╭─ Source data

(* (a) For any alphabet and any words $x,y$, if $y\in x\,\text{ш}\,x^R$ then $y$ is an abelian square. (b) If $y\in\{0,1\}^*$ is an abelian square, then there exists a word $x\in\{0,1\}^*$ such that $y\in x\,\text{ш}\,x^R$.
   Context: $x^R$ denotes the reversal of $x$. For words $x,y$, the (ordinary) shuffle $x \,\text{ш}\, y$ is the finite set of all words $z = x_1y_1x_2y_2\cdots x_ny_n$ for some $n\ge 1$ and words $x_1,\dots,x_n,y_1,\dots,y_n$ (possibly empty) with $x=x_1\cdots x_n$ and $y=y_1\cdots y_n$. An abelian square is a word of the form $uu'$ where $u'$ is a permutation (rearrangement of the letters) of $u$. *)

theory Defs
  imports Main "HOL-Library.Multiset"
begin

definition shuffle :: "'a list \<Rightarrow> 'a list \<Rightarrow> 'a list set" where
  "shuffle x y = {z. \<exists>xs ys :: 'a list list.
      length xs \<ge> 1 \<and> length ys = length xs \<and>
      x = concat xs \<and> y = concat ys \<and>
      z = concat (map (\<lambda>(a, b). a @ b) (zip xs ys))}"

definition abelian_square :: "'a list \<Rightarrow> bool" where
  "abelian_square w \<longleftrightarrow> (\<exists>u u'. w = u @ u' \<and> mset u' = mset u)"

end

theory Submission
  imports Defs
begin

(* A word z lies in the shuffle of x and y exactly when z can be
   written as a list of letters each labelled True ("taken from x") or False
   ("taken from y"), such that the True-labelled letters spell x and the
   False-labelled letters spell y.  From this labelling characterisation we
   derive three general facts about shuffles: the letters of z are those of x
   and y together; a prefix of z is a shuffle of a prefix of x and a prefix of
   y; and shuffles are closed under concatenation, any word being a shuffle of
   its P- and non-P-letters.
   (a) If z is a shuffle of x and rev x with |x| = n, the first n letters of z
   are a prefix take i x together with a prefix of rev x of length n - i,
   i.e. rev (drop i x); so they are a permutation of x, and so is the rest.
   (b) For a binary abelian square u u', send the 0s of u and the 1s of u' to
   x = 0^a 1^b and the rest to 1^b 0^a = rev x. *)

definition left_part :: "('a \<times> bool) list \<Rightarrow> 'a list" where
  "left_part ps = map fst (filter snd ps)"

definition right_part :: "('a \<times> bool) list \<Rightarrow> 'a list" where
  "right_part ps = map fst (filter (\<lambda>p. \<not> snd p) ps)"

definition label_pair :: "'a list \<times> 'a list \<Rightarrow> ('a \<times> bool) list" where
  "label_pair p = map (\<lambda>c. (c, True)) (fst p) @ map (\<lambda>c. (c, False)) (snd p)"

lemma label_pieces:
  assumes "length xs = length ys"
  defines "ps \<equiv> concat (map label_pair (zip xs ys))"
  shows "map fst ps = concat (map (\<lambda>(a, b). a @ b) (zip xs ys))"
    and "left_part ps = concat xs"
    and "right_part ps = concat ys"
  using assms unfolding ps_def
  by (induction xs ys rule: list_induct2)
     (simp_all add: label_pair_def left_part_def right_part_def filter_map comp_def)

lemma shuffle_iff_labelling:
  "z \<in> shuffle x y \<longleftrightarrow>
     (\<exists>ps. z = map fst ps \<and> x = left_part ps \<and> y = right_part ps)"
proof
  assume "z \<in> shuffle x y"
  then obtain xs ys where "length ys = length xs" "x = concat xs" "y = concat ys"
      "z = concat (map (\<lambda>(a, b). a @ b) (zip xs ys))"
    unfolding shuffle_def by blast
  then show "\<exists>ps. z = map fst ps \<and> x = left_part ps \<and> y = right_part ps"
    using label_pieces[of xs ys] by metis
next
  assume "\<exists>ps. z = map fst ps \<and> x = left_part ps \<and> y = right_part ps"
  then obtain ps where ps: "z = map fst ps" "x = left_part ps" "y = right_part ps"
    by blast
  (* one-letter pieces, padded by an empty pair so that there is at least one *)
  define xs where "xs = map (\<lambda>p. if snd p then [fst p] else []) ps @ [[]]"
  define ys where "ys = map (\<lambda>p. if snd p then [] else [fst p]) ps @ [[]]"
  have "concat xs = x" "concat ys = y"
    using ps unfolding xs_def ys_def left_part_def right_part_def
    by (induction ps arbitrary: x y z) auto
  moreover have "concat (map (\<lambda>(a, b). a @ b) (zip xs ys)) = z"
    using ps(1) unfolding xs_def ys_def by (induction ps arbitrary: z) auto
  moreover have "length xs \<ge> 1" "length ys = length xs"
    by (simp_all add: xs_def ys_def)
  ultimately show "z \<in> shuffle x y"
    unfolding shuffle_def by blast
qed

lemma mset_shuffle:
  assumes "z \<in> shuffle x y"
  shows "mset z = mset x + mset y"
proof -
  obtain ps where "z = map fst ps" "x = left_part ps" "y = right_part ps"
    using assms shuffle_iff_labelling by blast
  moreover have "mset (map fst ps) = mset (left_part ps) + mset (right_part ps)"
    unfolding left_part_def right_part_def by (induction ps) auto
  ultimately show ?thesis by simp
qed

lemma left_part_take: "left_part (take n ps) = take (length (left_part (take n ps))) (left_part ps)"
  and right_part_take: "right_part (take n ps) = take (length (right_part (take n ps))) (right_part ps)"
  unfolding left_part_def right_part_def
  by (metis append_eq_conv_conj append_take_drop_id filter_append map_append)+

lemma shuffle_take:
  assumes "z \<in> shuffle x y" and "n \<le> length z"
  shows "\<exists>i j. i + j = n \<and> take n z \<in> shuffle (take i x) (take j y)"
proof -
  obtain ps where ps: "z = map fst ps" "x = left_part ps" "y = right_part ps"
    using assms(1) shuffle_iff_labelling by blast
  define i where "i = length (left_part (take n ps))"
  define j where "j = length (right_part (take n ps))"
  have "i + j = length (take n ps)"
    unfolding i_def j_def left_part_def right_part_def
    by (simp add: sum_length_filter_compl)
  also have "\<dots> = n" using assms(2) ps(1) by simp
  finally have "i + j = n" .
  moreover have "take n z = map fst (take n ps)" "take i x = left_part (take n ps)"
      "take j y = right_part (take n ps)"
    using ps left_part_take[of n ps] right_part_take[of n ps] i_def j_def
    by (simp_all add: take_map)
  ultimately show ?thesis
    using shuffle_iff_labelling by blast
qed

lemma shuffle_append:
  assumes "z \<in> shuffle x y" and "z' \<in> shuffle x' y'"
  shows "z @ z' \<in> shuffle (x @ x') (y @ y')"
proof -
  obtain ps where "z = map fst ps" "x = left_part ps" "y = right_part ps"
    using assms(1) shuffle_iff_labelling by blast
  moreover obtain ps' where "z' = map fst ps'" "x' = left_part ps'" "y' = right_part ps'"
    using assms(2) shuffle_iff_labelling by blast
  ultimately show ?thesis
    unfolding shuffle_iff_labelling left_part_def right_part_def
    by (intro exI[of _ "ps @ ps'"]) simp
qed

lemma filter_shuffle: "w \<in> shuffle (filter P w) (filter (\<lambda>a. \<not> P a) w)"
  unfolding shuffle_iff_labelling left_part_def right_part_def
  by (intro exI[of _ "map (\<lambda>c. (c, P c)) w"]) (simp add: filter_map comp_def)

theorem shuffle_rev_abelian_square:
  assumes "z \<in> shuffle x (rev x)"
  shows "abelian_square z"
proof -
  define n where "n = length x"
  have mset_z: "mset z = mset x + mset x"
    using mset_shuffle[OF assms] by simp
  then have "length z = n + n"
    unfolding n_def by (metis size_mset size_union)
  then obtain i j where ij: "i + j = n" and
    prefix: "take n z \<in> shuffle (take i x) (take j (rev x))"
    using shuffle_take[OF assms, of n] by auto
  have "take j (rev x) = rev (drop i x)"
  proof -
    have "length x - j = i" using ij unfolding n_def by simp
    then show ?thesis by (simp add: take_rev)
  qed
  then have "mset (take n z) = mset (take i x) + mset (drop i x)"
    using mset_shuffle[OF prefix] by simp
  then have "mset (take n z) = mset x"
    by (metis append_take_drop_id mset_append)
  moreover have "mset z = mset (take n z) + mset (drop n z)"
    by (metis append_take_drop_id mset_append)
  ultimately have "mset (drop n z) = mset (take n z)"
    using mset_z by simp
  then show ?thesis
    unfolding abelian_square_def by (metis append_take_drop_id)
qed

(* Over the binary alphabet a word is determined up to permutation by its
   letter counts, so both halves of u u' have the same blocks of 0s and 1s. *)
theorem binary_abelian_square_shuffle_rev:
  assumes "abelian_square (y :: bool list)"
  shows "\<exists>x. y \<in> shuffle x (rev x)"
proof -
  obtain u u' where y: "y = u @ u'" and perm: "mset u' = mset u"
    using assms unfolding abelian_square_def by blast
  define zeros where "zeros = filter ((=) False) u"
  define ones where "ones = filter ((=) True) u"
  have halves: "filter ((=) b) u' = filter ((=) b) u" for b
    using perm by (metis replicate_count_mset_eq_filter_eq)
  have complement: "filter (\<lambda>c. \<not> b = c) w = filter ((=) (\<not> b)) w" for b w
    by (rule filter_cong) auto
  have "u \<in> shuffle zeros ones"
    using filter_shuffle[of u "(=) False"] unfolding zeros_def ones_def complement by simp
  moreover have "u' \<in> shuffle ones zeros"
    using filter_shuffle[of u' "(=) True"] unfolding zeros_def ones_def complement halves
    by simp
  ultimately have "y \<in> shuffle (zeros @ ones) (ones @ zeros)"
    unfolding y by (rule shuffle_append)
  moreover have "rev zeros = zeros" "rev ones = ones"
    unfolding zeros_def ones_def by (metis rev_replicate replicate_count_mset_eq_filter_eq)+
  ultimately have "y \<in> shuffle (zeros @ ones) (rev (zeros @ ones))"
    by simp
  then show ?thesis by blast
qed

theorem mainTheorem4:
  shows "(\<forall>(x :: 'a list) y. y \<in> shuffle x (rev x) \<longrightarrow> abelian_square y)
    \<and> (\<forall>y :: bool list. abelian_square y \<longrightarrow> (\<exists>x. y \<in> shuffle x (rev x)))"
  using shuffle_rev_abelian_square binary_abelian_square_shuffle_rev by blast

end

╰─

#### Directions for this task:
In the listing above, find the line with "using mset_z by simp" and the line with "define ones where". Output those two lines and every line between them, exactly as written.

#### Exercise result:
    using mset_z by simp
  then show ?thesis
    unfolding abelian_square_def by (metis append_take_drop_id)
qed

(* Over the binary alphabet a word is determined up to permutation by its
   letter counts, so both halves of u u' have the same blocks of 0s and 1s. *)
theorem binary_abelian_square_shuffle_rev:
  assumes "abelian_square (y :: bool list)"
  shows "\<exists>x. y \<in> shuffle x (rev x)"
proof -
  obtain u u' where y: "y = u @ u'" and perm: "mset u' = mset u"
    using assms unfolding abelian_square_def by blast
  define zeros where "zeros = filter ((=) False) u"
  define ones where "ones = filter ((=) True) u"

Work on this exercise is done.